Wetzon war über den herrischen Ton verblüfft. »Ich sage Ihnen doch, es läßt sich heute nicht machen«, sagte Wetzon steif.

Ein paar Sekunden kam keine Reaktion, dann: »...Ich verstehe. Na gut, dann kann man nichts machen. Ich bin wirklich sehr dankbar... Sie wissen nicht...«

»Geht in Ordnung, aber es gibt wirklich nichts, was ich Ihnen sagen kann...«

»Danke im voraus«, sagte Mildred hastig, fast flüsternd. »Dann sehen wir uns morgen um halb drei.«

Neugierig und gespannt legte Wetzon auf. Sofort läutete es wieder. Sie nahm ab und sagte vorsichtig hallo.
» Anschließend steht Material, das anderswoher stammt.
section \<open>The product of two open sets\<close>

lemma prefix_iff_nth: "prefix xs ys \<longleftrightarrow> length xs \<le> length ys \<and> (\<forall>i<length xs. xs ! i = ys ! i)"
  (is "_ \<longleftrightarrow> ?nth")
proof
  assume "prefix xs ys"
  then show ?nth
    by (auto simp: prefix_def nth_append)
next
  assume ?nth
  then have "take (length xs) ys = xs"
    by (intro nth_equalityI) auto
  then show "prefix xs ys"
    by (metis take_is_prefix)
qed

lemma prefix_map_upt_iff: "prefix t (map f [0..<n]) \<longleftrightarrow> length t \<le> n \<and> map f [0..<length t] = t"
  by (auto simp: prefix_iff_nth intro: nth_equalityI) (metis add_0 diff_zero nth_map_upt)

lemma sorted_wrt_map_upt: "strict_mono f \<Longrightarrow> sorted_wrt (<) (map f [0..<n])"
  by (simp add: sorted_wrt_map strict_mono_less)

lemma prod_encode_less: "a < a' \<Longrightarrow> b < b' \<Longrightarrow> prod_encode (a, b) < prod_encode (a', b')"
proof -
  assume "a < a'" "b < b'"
  then have "triangle (Suc (a + b)) \<le> triangle (a' + b')"
    by (intro monoD[of triangle]) (auto simp: mono_iff_le_Suc)
  then show ?thesis
    by (simp add: prod_encode_def)
qed

text \<open>The bound on the length of s lets homogeneity, applied to shifts of a solution,
  force both coordinate sequences of the solution to be strictly increasing.\<close>

definition pair_extends :: "nat list \<Rightarrow> nat list \<Rightarrow> nat list \<Rightarrow> bool" where
  "pair_extends s t u \<longleftrightarrow> 2 \<le> length s \<and>
     sorted_wrt (<) (map (fst \<circ> prod_decode) s) \<and> sorted_wrt (<) (map (snd \<circ> prod_decode) s) \<and>
     prefix t (map (fst \<circ> prod_decode) s) \<and> prefix u (map (snd \<circ> prod_decode) s)"

lemma pair_extends_iff_nth:
  "pair_extends s t u \<longleftrightarrow> 2 \<le> length s \<and>
     (\<forall>j<length s - 1. fst (prod_decode (s ! j)) < fst (prod_decode (s ! Suc j)) \<and>
                       snd (prod_decode (s ! j)) < snd (prod_decode (s ! Suc j))) \<and>
     length t \<le> length s \<and> (\<forall>j<length t. t ! j = fst (prod_decode (s ! j))) \<and>
     length u \<le> length s \<and> (\<forall>j<length u. u ! j = snd (prod_decode (s ! j)))"
  unfolding pair_extends_def prefix_iff_nth
  by (auto simp: sorted_wrt_iff_nth_Suc_transp)

lemma sorted_pair_extends:
  assumes "pair_extends s t u"
  shows "sorted_wrt (<) s"
proof -
  have "sorted_wrt (\<lambda>x y. fst (prod_decode x) < fst (prod_decode y) \<and>
                           snd (prod_decode x) < snd (prod_decode y)) s"
    using assms unfolding pair_extends_def sorted_wrt_map sorted_wrt_iff_nth_less by auto
  then show ?thesis
    by (rule sorted_wrt_mono_rel[rotated])
      (metis prod_encode_less prod.collapse prod_decode_inverse)
qed

lemma decidable_pair_extends:
  assumes "recursive n c" and "recursive n a" and "recursive n b"
  shows "decidable n
    (\<lambda>xs. pair_extends (list_decode (c xs)) (list_decode (a xs)) (list_decode (b xs)))"
proof -
  have code: "pair_extends (list_decode c') (list_decode a') (list_decode b') \<longleftrightarrow>
     2 \<le> length (list_decode c') \<and>
     (\<forall>j<length (list_decode c') - 1.
        fst (prod_decode (code_nth c' j)) < fst (prod_decode (code_nth c' (Suc j))) \<and>
        snd (prod_decode (code_nth c' j)) < snd (prod_decode (code_nth c' (Suc j)))) \<and>
     length (list_decode a') \<le> length (list_decode c') \<and>
     (\<forall>j<length (list_decode a'). code_nth a' j = fst (prod_decode (code_nth c' j))) \<and>
     length (list_decode b') \<le> length (list_decode c') \<and>
     (\<forall>j<length (list_decode b'). code_nth b' j = snd (prod_decode (code_nth c' j)))" for a' b' c'
    unfolding pair_extends_iff_nth by (auto simp: code_nth_eq_nth)
  show ?thesis
    unfolding code
    by (intro decidable_conj decidable_le decidable_all_less decidable_less decidable_eq
        recursive_fst_prod_decode recursive_snd_prod_decode recursive_code_nth recursive_Suc
        recursive_length_list_decode recursive_diff recursive_hd recursive_const assms
        recursive_tl[OF assms(1)] recursive_tl[OF assms(2)] recursive_tl[OF assms(3)])
qed

definition product_name :: "baire \<Rightarrow> baire" where
  "product_name p k =
    (let c = fst (prod_decode k); i = prod_decode (snd (prod_decode k));
         x = evens p (fst i); y = odds p (snd i)
     in if x \<noteq> 0 \<and> y \<noteq> 0 \<and> pair_extends (list_decode c) (list_decode (x - 1)) (list_decode (y - 1))
        then Suc c else 0)"

lemma product_name_prod_encode:
  "product_name p (prod_encode (c, prod_encode (i1, i2))) =
    (if evens p i1 \<noteq> 0 \<and> odds p i2 \<noteq> 0 \<and>
        pair_extends (list_decode c) (list_decode (evens p i1 - 1)) (list_decode (odds p i2 - 1))
     then Suc c else 0)"
  by (simp add: product_name_def)

lemma product_name_eq_Suc:
  "product_name p k = Suc c \<longleftrightarrow> (\<exists>i1 i2 c1 c2. k = prod_encode (c, prod_encode (i1, i2)) \<and>
     evens p i1 = Suc c1 \<and> odds p i2 = Suc c2 \<and>
     pair_extends (list_decode c) (list_decode c1) (list_decode c2))"
proof -
  obtain c' i1 i2 where "k = prod_encode (c', prod_encode (i1, i2))"
    by (metis prod_decode_inverse prod.collapse)
  then show ?thesis
    by (auto simp: product_name_prod_encode gr0_conv_Suc)
qed

lemma open_of_product_name:
  "g \<in> open_of (product_name p) \<longleftrightarrow>
     g \<in> RS \<and> (\<exists>n i1 i2 c1 c2. evens p i1 = Suc c1 \<and> odds p i2 = Suc c2 \<and>
       pair_extends (map g [0..<n]) (list_decode c1) (list_decode c2))"
proof
  assume "g \<in> open_of (product_name p)"
  then obtain k c where g: "g \<in> RS" "product_name p k = Suc c"
    and c: "map g [0..<length (list_decode c)] = list_decode c"
    unfolding open_of_def by blast
  then obtain i1 i2 c1 c2 where "evens p i1 = Suc c1" "odds p i2 = Suc c2"
    and "pair_extends (list_decode c) (list_decode c1) (list_decode c2)"
    unfolding product_name_eq_Suc by blast
  moreover from this(3)
  have "pair_extends (map g [0..<length (list_decode c)]) (list_decode c1) (list_decode c2)"
    by (simp only: c)
  ultimately show "g \<in> RS \<and> (\<exists>n i1 i2 c1 c2. evens p i1 = Suc c1 \<and> odds p i2 = Suc c2 \<and>
     pair_extends (map g [0..<n]) (list_decode c1) (list_decode c2))"
    using g(1) by blast
next
  assume "g \<in> RS \<and> (\<exists>n i1 i2 c1 c2. evens p i1 = Suc c1 \<and> odds p i2 = Suc c2 \<and>
     pair_extends (map g [0..<n]) (list_decode c1) (list_decode c2))"
  then obtain n i1 i2 c1 c2 where "g \<in> RS" "evens p i1 = Suc c1" "odds p i2 = Suc c2"
    "pair_extends (map g [0..<n]) (list_decode c1) (list_decode c2)"
    by blast
  moreover define c where "c = list_encode (map g [0..<n])"
  ultimately have "product_name p (prod_encode (c, prod_encode (i1, i2))) = Suc c"
    by (simp add: product_name_prod_encode)
  moreover have "map g [0..<length (list_decode c)] = list_decode c"
    by (simp add: c_def)
  ultimately show "g \<in> open_of (product_name p)"
    unfolding open_of_def using \<open>g \<in> RS\<close> by blast
qed

lemma open_name_product_name: "open_name (product_name p)"
  unfolding open_name_def product_name_eq_Suc by (auto dest: sorted_pair_extends)

lemma HS_Int_iff: "f \<in> HS P \<inter> P \<longleftrightarrow> f \<in> RS \<and> (\<forall>g\<in>RS. f \<circ> g \<in> P)"
proof -
  have "id \<in> RS"
    by (simp add: RS_def strict_mono_def)
  then have "(\<forall>g\<in>RS. f \<circ> g \<in> P) \<Longrightarrow> f \<in> P" and "f \<in> P \<Longrightarrow> \<not> (\<forall>g\<in>RS. f \<circ> g \<notin> P)"
    by (metis comp_id)+
  then show ?thesis
    unfolding HS_def by blast
qed

lemma RS_comp: "f \<in> RS \<Longrightarrow> g \<in> RS \<Longrightarrow> f \<circ> g \<in> RS"
  by (simp add: RS_def strict_mono_def)

lemma product_name_solution:
  assumes f: "f \<in> HS (open_of (evens p)) \<inter> open_of (evens p)"
    and g: "g \<in> HS (open_of (odds p)) \<inter> open_of (odds p)"
  shows "(\<lambda>n. prod_encode (f n, g n)) \<in> HS (open_of (product_name p)) \<inter> open_of (product_name p)"
proof -
  let ?h = "\<lambda>n. prod_encode (f n, g n)"
  have "strict_mono f" "strict_mono g"
    using f g unfolding HS_Int_iff RS_def by simp_all
  then have h: "?h \<in> RS"
    by (simp add: RS_def strict_mono_def prod_encode_less)
  have "?h \<circ> e \<in> open_of (product_name p)" if e: "e \<in> RS" for e
  proof -
    obtain i1 c1 where i1: "evens p i1 = Suc c1"
      and t: "map (f \<circ> e) [0..<length (list_decode c1)] = list_decode c1"
      using f e unfolding HS_Int_iff open_of_def by auto
    obtain i2 c2 where i2: "odds p i2 = Suc c2"
      and u: "map (g \<circ> e) [0..<length (list_decode c2)] = list_decode c2"
      using g e unfolding HS_Int_iff open_of_def by auto
    define n where "n = max 2 (max (length (list_decode c1)) (length (list_decode c2)))"
    have "strict_mono (f \<circ> e)" "strict_mono (g \<circ> e)"
      using \<open>strict_mono f\<close> \<open>strict_mono g\<close> e by (simp_all add: RS_def strict_mono_def)
    then have "pair_extends (map (?h \<circ> e) [0..<n]) (list_decode c1) (list_decode c2)"
      using t u
      by (simp add: pair_extends_def prefix_map_upt_iff sorted_wrt_map_upt n_def comp_def
          le_max_iff_disj)
    moreover have "?h \<circ> e \<in> RS"
      using h e by (rule RS_comp)
    ultimately show ?thesis
      using i1 i2 unfolding open_of_product_name by blast
  qed
  with h show ?thesis
    unfolding HS_Int_iff by blast
qed

lemma split_product_solution:
  assumes "h \<in> HS (open_of (product_name p)) \<inter> open_of (product_name p)"
  shows "fst \<circ> prod_decode \<circ> h \<in> HS (open_of (evens p)) \<inter> open_of (evens p)"
    and "snd \<circ> prod_decode \<circ> h \<in> HS (open_of (odds p)) \<inter> open_of (odds p)"
proof -
  have h: "h \<in> RS" "\<And>e. e \<in> RS \<Longrightarrow> h \<circ> e \<in> open_of (product_name p)"
    using assms unfolding HS_Int_iff by blast+
  have "fst (prod_decode (h m)) < fst (prod_decode (h (Suc m))) \<and>
        snd (prod_decode (h m)) < snd (prod_decode (h (Suc m)))" for m
  proof -
    have "h \<circ> (\<lambda>j. j + m) \<in> open_of (product_name p)"
      by (rule h(2)) (simp add: RS_def strict_mono_def)
    then obtain n t u where "pair_extends (map (h \<circ> (\<lambda>j. j + m)) [0..<n]) t u"
      unfolding open_of_product_name by blast
    then show ?thesis
      unfolding pair_extends_def by (auto dest!: sorted_wrt_nth_less[where i=0 and j=1])
  qed
  then have mono: "strict_mono (fst \<circ> prod_decode \<circ> h)" "strict_mono (snd \<circ> prod_decode \<circ> h)"
    by (simp_all add: strict_mono_Suc_iff)
  have "fst \<circ> prod_decode \<circ> h \<circ> e \<in> open_of (evens p) \<and>
        snd \<circ> prod_decode \<circ> h \<circ> e \<in> open_of (odds p)"
    if e: "e \<in> RS" for e
  proof -
    obtain n i1 i2 c1 c2 where "evens p i1 = Suc c1" "odds p i2 = Suc c2"
      and "pair_extends (map (h \<circ> e) [0..<n]) (list_decode c1) (list_decode c2)"
      using h(2)[OF e] unfolding open_of_product_name by blast
    moreover have "fst \<circ> prod_decode \<circ> h \<circ> e \<in> RS" "snd \<circ> prod_decode \<circ> h \<circ> e \<in> RS"
      using mono e by (simp_all add: RS_def strict_mono_def)
    ultimately show ?thesis
      by (auto simp: open_of_def pair_extends_def prefix_map_upt_iff comp_assoc)
  qed
  with mono show "fst \<circ> prod_decode \<circ> h \<in> HS (open_of (evens p)) \<inter> open_of (evens p)"
    and "snd \<circ> prod_decode \<circ> h \<in> HS (open_of (odds p)) \<inter> open_of (odds p)"
    unfolding HS_Int_iff RS_def by simp_all
qed
(* Let $\mathcal{A},\mathcal{B}$ be arbitrary index sets and let the coefficients $a_{\alpha\beta},b_{\alpha\beta},c_{\alpha\beta},f_{\alpha\beta},N_{\alpha\beta}$ ($\alpha\in\mathcal{A},\beta\in\mathcal{B}$) on $\Omega=B_2\subset\mathbb{R}^d$ satisfy assumptions (A), (B), (C) described in the context. Let $x_k\in B_1$ and $r_k>0$ with $x_k\to z$ for some $z\in\overline{B_1}$ and $r_k\to 0$ as $k\to\infty$, and let $\mathcal{I}_k:=\mathcal{I}^{r_k}(x_k)$ be the rescaled operators defined in the context. Define $$\mathcal{I}^0u(x):=\sup_{\alpha\in\mathcal{A}}\inf_{\beta\in\mathcal{B}}\{-\mathrm{tr}\,(a_{\alpha\beta}(z)D^2u(x))\}.$$ Then $\mathcal{I}_k$ converges weakly to $\mathcal{I}^0$ in $B_2$, i.e. for every $x_0$ and $\epsilon>0$ with $B_\epsilon(x_0)\subset B_2$ and every $\varphi\in L^\infty(\mathbb{R}^d)\cap C^2(B_\epsilon(x_0))$, we have $\mathcal{I}_k[x,\varphi]\to\mathcal{I}^0\varphi(x)$ uniformly in $x\in B_{\epsilon/2}(x_0)$ as $k\to\infty$.
   Context: Assumptions, with $\Omega=B_2$ and all uniform in $\alpha\in\mathcal{A},\beta\in\mathcal{B}$: (A) $a_{\alpha\beta}:\overline\Omega\to$ symmetric $d\times d$ matrices, $b_{\alpha\beta}:\overline\Omega\to\mathbb{R}^d$, $c_{\alpha\beta},f_{\alpha\beta}:\overline\Omega\to\mathbb{R}$ are bounded and uniformly continuous on $\overline\Omega$, uniformly in the indices; (B) $\lambda I\le a_{\alpha\beta}\le\Lambda I$ on $\overline\Omega$ for some $0<\lambda\le\Lambda$; (C) $N_{\alpha\beta}:\overline\Omega\times\mathbb{R}^d\to[0,\infty)$ satisfies $0\le N_{\alpha\beta}(x,z)\le K(z)$ for a measurable $K:\mathbb{R}^d\to[0,\infty)$ with $K(0)=N_{\alpha\beta}(x,0)=0$ and $\int_{\mathbb{R}^d}\min\{|z|^2,1\}K(z)\,dz<\infty$, and for each $\sigma>0$ and each $|z|\ge\sigma$, $x\mapsto N_{\alpha\beta}(x,z)$ is uniformly continuous on $\overline\Omega$, uniformly in the indices. Rescaled operator: for $x_0\in B_1$, $r>0$, and $\tilde x:=r(x-x_0)+x_0$, $$\mathcal{I}^r(x_0)[x,u]:=\sup_{\alpha\in\mathcal{A}}\inf_{\beta\in\mathcal{B}}\Big\{-\mathrm{tr}\,(a_{\alpha\beta}(\tilde x)D^2u(x))-I^r_{\alpha\beta}(x_0)[x,u]+r\,b_{\alpha\beta}(\tilde x)\cdot Du(x)+r^2c_{\alpha\beta}(\tilde x)u(x)+r^2f_{\alpha\beta}(\tilde x)\Big\},$$ $$I^r_{\alpha\beta}(x_0)[x,u]:=\int_{\mathbb{R}^d}\big(u(x+z)-u(x)-\chi_{B_{1/r}}(z)Du(x)\cdot z\big)\,r^{d+2}N_{\alpha\beta}(\tilde x,rz)\,dz.$$ (This equals $r^2\mathcal{I}[\tilde x, u(r^{-1}(\cdot-x_0)+x_0)]$ for the unscaled operator $\mathcal{I}$ with $\chi_{B_1}$ in the nonlocal term.) $B_r(x)$ is the open ball of radius $r$ centered at $x$. *)

theory Defs
  imports "HOL-Analysis.Analysis"
begin

text \<open>Gradient and Hessian of a real function on real^'n (well defined where u is
  differentiable, resp. where the gradient is differentiable).\<close>
definition grad :: "(real^'n \<Rightarrow> real) \<Rightarrow> real^'n \<Rightarrow> real^'n" where
  "grad u x = (SOME g. (u has_derivative (\<lambda>h. g \<bullet> h)) (at x))"

definition hess :: "(real^'n \<Rightarrow> real) \<Rightarrow> real^'n \<Rightarrow> real^'n^'n" where
  "hess u x = (SOME H. ((grad u) has_derivative (\<lambda>h. H *v h)) (at x))"

definition C2_on :: "(real^'n) set \<Rightarrow> (real^'n \<Rightarrow> real) \<Rightarrow> bool" where
  "C2_on S u \<longleftrightarrow> (\<forall>x\<in>S. (u has_derivative (\<lambda>h. grad u x \<bullet> h)) (at x))
     \<and> (\<forall>x\<in>S. ((grad u) has_derivative (\<lambda>h. hess u x *v h)) (at x))
     \<and> continuous_on S (hess u)"

definition nonlocal_r ::
  "('a \<Rightarrow> 'b \<Rightarrow> real^'n \<Rightarrow> real^'n \<Rightarrow> real) \<Rightarrow> real \<Rightarrow> real^'n \<Rightarrow> 'a \<Rightarrow> 'b
    \<Rightarrow> real^'n \<Rightarrow> (real^'n \<Rightarrow> real) \<Rightarrow> real" where
  "nonlocal_r N r x0 \<alpha> \<beta> x u =
     (\<integral>z. (u (x + z) - u x - indicator (ball 0 (1/r)) z * (grad u x \<bullet> z))
            * r ^ (CARD('n) + 2) * N \<alpha> \<beta> (r *\<^sub>R (x - x0) + x0) (r *\<^sub>R z) \<partial>lborel)"

definition op_r ::
  "('a \<Rightarrow> 'b \<Rightarrow> real^'n \<Rightarrow> real^'n^'n) \<Rightarrow> ('a \<Rightarrow> 'b \<Rightarrow> real^'n \<Rightarrow> real^'n)
   \<Rightarrow> ('a \<Rightarrow> 'b \<Rightarrow> real^'n \<Rightarrow> real) \<Rightarrow> ('a \<Rightarrow> 'b \<Rightarrow> real^'n \<Rightarrow> real)
   \<Rightarrow> ('a \<Rightarrow> 'b \<Rightarrow> real^'n \<Rightarrow> real^'n \<Rightarrow> real)
   \<Rightarrow> real \<Rightarrow> real^'n \<Rightarrow> real^'n \<Rightarrow> (real^'n \<Rightarrow> real) \<Rightarrow> real" where
  "op_r a b c f N r x0 x u =
     (SUP \<alpha>. INF \<beta>.
        (let xt = r *\<^sub>R (x - x0) + x0 in
          - trace (a \<alpha> \<beta> xt ** hess u x) - nonlocal_r N r x0 \<alpha> \<beta> x u
          + r * (b \<alpha> \<beta> xt \<bullet> grad u x) + r\<^sup>2 * c \<alpha> \<beta> xt * u x + r\<^sup>2 * f \<alpha> \<beta> xt))"

definition op_0 :: "('a \<Rightarrow> 'b \<Rightarrow> real^'n \<Rightarrow> real^'n^'n) \<Rightarrow> real^'n
   \<Rightarrow> real^'n \<Rightarrow> (real^'n \<Rightarrow> real) \<Rightarrow> real" where
  "op_0 a z x u = (SUP \<alpha>. INF \<beta>. - trace (a \<alpha> \<beta> z ** hess u x))"

end

theory Submission
  imports Defs
begin

text \<open>Write \<open>r = r\<^sub>k\<close> and \<open>x' = r (x - x\<^sub>k) + x\<^sub>k\<close>. Since \<open>x' \<rightarrow> z\<close> uniformly in \<open>x\<close>,
  uniform continuity makes \<open>tr (a(x') D\<^sup>2\<phi>)\<close> uniformly close to \<open>tr (a(z) D\<^sup>2\<phi>)\<close>, while the
  drift, zeroth order and source terms carry factors \<open>r\<close> and \<open>r\<^sup>2\<close>. In the nonlocal term the
  substitution \<open>w = r z\<close> gives an integrand bounded by \<open>H |w|\<^sup>2 K(w)\<close> near the origin (second
  order Taylor expansion of \<open>\<phi>\<close>) and by \<open>r\<^sup>2 K(w) + r |w| K(w)\<close> elsewhere (the \<open>L\<^sup>\<infinity>\<close> bound
  of \<open>\<phi>\<close>, plus the gradient term inside \<open>B\<^sub>1\<close>). This majorant is dominated by
  \<open>min(|w|\<^sup>2, 1) K(w)\<close> and tends to \<open>0\<close> pointwise as \<open>r \<rightarrow> 0\<close>, so its integral vanishes in the
  limit. All bounds are uniform in \<open>\<alpha>, \<beta>\<close> and therefore pass through \<open>sup inf\<close>.\<close>

lemma lborel_dilation:
  fixes F :: "'a::euclidean_space \<Rightarrow> real"
  assumes [measurable]: "F \<in> borel_measurable lborel" and r: "0 < r" and int: "integrable lborel F"
  shows "integrable lborel (\<lambda>z. r ^ DIM('a) * F (r *\<^sub>R z))"
    and "(\<integral>z. r ^ DIM('a) * F (r *\<^sub>R z) \<partial>lborel) = (\<integral>w. F w \<partial>lborel)"
proof -
  let ?D = "density (distr lborel borel (\<lambda>x::'a. 0 + r *\<^sub>R x)) (\<lambda>_. \<bar>r\<bar> ^ DIM('a))"
  have lborel_eq: "lborel = ?D"
    using lborel_affine[of r "0::'a"] r by simp
  have "integrable ?D F"
    using int lborel_eq by simp
  then show "integrable lborel (\<lambda>z. r ^ DIM('a) * F (r *\<^sub>R z))"
    using r by (subst (asm) integrable_density; simp) (subst (asm) integrable_distr_eq; simp)
  have "(\<integral>w. F w \<partial>lborel) = (\<integral>w. F w \<partial>?D)"
    using lborel_eq by simp
  also have "\<dots> = (\<integral>z. r ^ DIM('a) * F (r *\<^sub>R z) \<partial>lborel)"
    using r by (subst integral_density; simp) (subst integral_distr; simp)
  finally show "(\<integral>z. r ^ DIM('a) * F (r *\<^sub>R z) \<partial>lborel) = (\<integral>w. F w \<partial>lborel)" ..
qed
»Wetzon, hier ist Smith.« Smith’ Antwort war kalt. »Ich muß ein ernstes Wort mit dir reden.«

»Worüber? Was hast du, Smith? Was ist passiert? Geht es dir gut?«

»Wegen dieser Kreatur. Carlos. Ich bin die ganze Nacht aufgewesen... das macht mich krank. Er ist ein sehr schlechter Mensch, und er hat einen verheerenden Einfluß auf dich.«

»Sachte, sachte, Smith. Carlos ist seit fast zehn Jahren mein bester Freund. Du kannst ihn nicht reizen und erwarten, daß er sich nicht wehrt.«

»Du mußt dich zwischen uns entscheiden, Wetzon«, sagte Smith und fing an zu weinen. »So darf man mich nicht behandeln.«

»Ich werde nichts dergleichen tun, Smith, also reiß dich zusammen. Du vergißt, daß ich im Moment wichtigere Dinge im Kopf habe.«

»Wir sprechen darüber, wenn du dich besser fühlst«, wich Smith aus, indem sie Wetzon den Schwarzen Peter zuschob. »Wenn du klarer siehst.«

»Ich sehe klar«, beharrte Wetzon. »Und dazu sage ich nie wieder ein Wort.« Sie legte auf. Was zum Teufel war in letzter Zeit in Smith gefahren? Wetzon hatte ein Gefühl, als wäre ihr Leben in den vergangenen vierundzwanzig Stunden völlig umgekrempelt worden.

Dann fiel ihr der Schlüssel ein. Hatte Smith’ eigenartiges Benehmen etwas mit dem Schlüssel zu tun?